▶ Activity
Identify each line below containing the string "moreover" and copy it.

[Dataset content Boundary: Start]

context
  fixes f :: "'v \<times> 'e list \<Rightarrow> 'k" and r r' :: "'v \<times> 'e list"
  assumes f_in: "f \<in> I" and f_r: "f r \<noteq> 0" and r_notin: "basis_elem r \<notin> I"
    and path_r': "path r'" and start_r': "fst r' = fst r" and end_r': "pend t r' = pend t r"
    and r'_neq: "r' \<noteq> r"
begin

lemma pair_parallel:
  "path (fst r, snd r)" "path (fst r, snd r')" "snd r \<noteq> snd r'"
  "pend t (fst r, snd r) = pend t (fst r, snd r')"
  using ideal_support_path[OF f_in f_r] path_r' start_r' end_r' r'_neq
  by (metis prod.collapse)+

lemma pair_eq: "(fst r, snd r) = r" "(fst r, snd r') = r'"
  using start_r' by (simp_all add: prod_eq_iff)

lemma pair_only_two: "path q \<Longrightarrow> fst q = fst r \<Longrightarrow> pend t q = pend t r \<Longrightarrow> q = r \<or> q = r'"
  using parallel_paths_only_two[OF pair_parallel, of q] by (simp add: pair_eq)

lemma pair_maximal_paths: "{p. maximal_path V E s t p} = {r, r'}"
  using parallel_maximal_paths[OF pair_parallel] by (simp add: pair_eq)

lemma pair_corner: "corner (fst r) (pend t r) f = (\<lambda>q. f r * basis_elem r q + f r' * basis_elem r' q)"
proof
  fix q
  have "f q = 0" if "q \<noteq> r" "q \<noteq> r'" "fst q = fst r" "pend t q = pend t r"
    using that pair_only_two ideal_support_path[OF f_in] by blast
  then show "corner (fst r) (pend t r) f q = f r * basis_elem r q + f r' * basis_elem r' q"
    using start_r' end_r' r'_neq by (auto simp: corner_def basis_elem_def)
qed

lemma pair_corner_in: "(\<lambda>q. f r * basis_elem r q + f r' * basis_elem r' q) \<in> I"
proof -
  have "corner (fst r) (pend t r) f \<in> I"
    using ideal_corner[OF f_in path_start_in_V path_pend_in_V, OF pair_parallel(1,1)]
    by (simp add: pair_eq)
  then show ?thesis by (simp add: pair_corner)
qed

lemma partner_coeff_nonzero: "f r' \<noteq> 0"
proof
  assume "f r' = 0"
  have "(\<lambda>q. 1 / f r * (f r * basis_elem r q + f r' * basis_elem r' q)) \<in> I"
    by (rule ideal_smult[OF pair_corner_in])
  moreover have "(\<lambda>q. 1 / f r * (f r * basis_elem r q + f r' * basis_elem r' q)) = basis_elem r"
    using f_r \<open>f r' = 0\<close> by (simp add: fun_eq_iff)
  ultimately show False using r_notin by simp
qed

lemma partner_basis_notin: "basis_elem r' \<notin> I"
proof
  assume "basis_elem r' \<in> I"
  then have "(\<lambda>q. 1 / f r * (f r * basis_elem r q + f r' * basis_elem r' q)
      + (- (f r' / f r)) * basis_elem r' q) \<in> I"
    by (rule ideal_lincomb[OF pair_corner_in])
  moreover have "(\<lambda>q. 1 / f r * (f r * basis_elem r q + f r' * basis_elem r' q)
      + (- (f r' / f r)) * basis_elem r' q) = basis_elem r"
    using f_r by (simp add: fun_eq_iff field_simps)
  ultimately show False using r_notin by simp
qed

lemma pair_no_path_in_ideal: "path p \<Longrightarrow> basis_elem p \<notin> I"
  using parallel_below[OF pair_parallel, of p] ideal_basis_le_J[of p] r_notin partner_basis_notin
  unfolding pair_eq by blast

lemma pair_ideal_vanishes_off: "h \<in> I \<Longrightarrow> q \<noteq> r \<Longrightarrow> q \<noteq> r' \<Longrightarrow> h q = 0"
proof (rule ccontr)
  assume h: "h \<in> I" "q \<noteq> r" "q \<noteq> r'" "h q \<noteq> 0"
  then have "path q" using ideal_support_path by blast
  obtain q' where q': "path q'" "fst q' = fst q" "pend t q' = pend t q" "q' \<noteq> q"
    using ideal_basis_if_no_parallel[OF h(1,4)] pair_no_path_in_ideal[OF \<open>path q\<close>] by blast
  have "path (fst q, snd q)" "path (fst q, snd q')" "snd q \<noteq> snd q'"
    "pend t (fst q, snd q) = pend t (fst q, snd q')"
    using \<open>path q\<close> q' by (metis prod.collapse)+
  then have "{p. maximal_path V E s t p} = {(fst q, snd q), (fst q, snd q')}"
    by (rule parallel_maximal_paths)
  then have "q \<in> {p. maximal_path V E s t p}" by simp
  then show False using pair_maximal_paths h(2,3) by blast
qed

[Dataset content Boundary: End]

▶ Response below
  moreover have "(\<lambda>q. 1 / f r * (f r * basis_elem r q + f r' * basis_elem r' q)) = basis_elem r"
  moreover have "(\<lambda>q. 1 / f r * (f r * basis_elem r q + f r' * basis_elem r' q)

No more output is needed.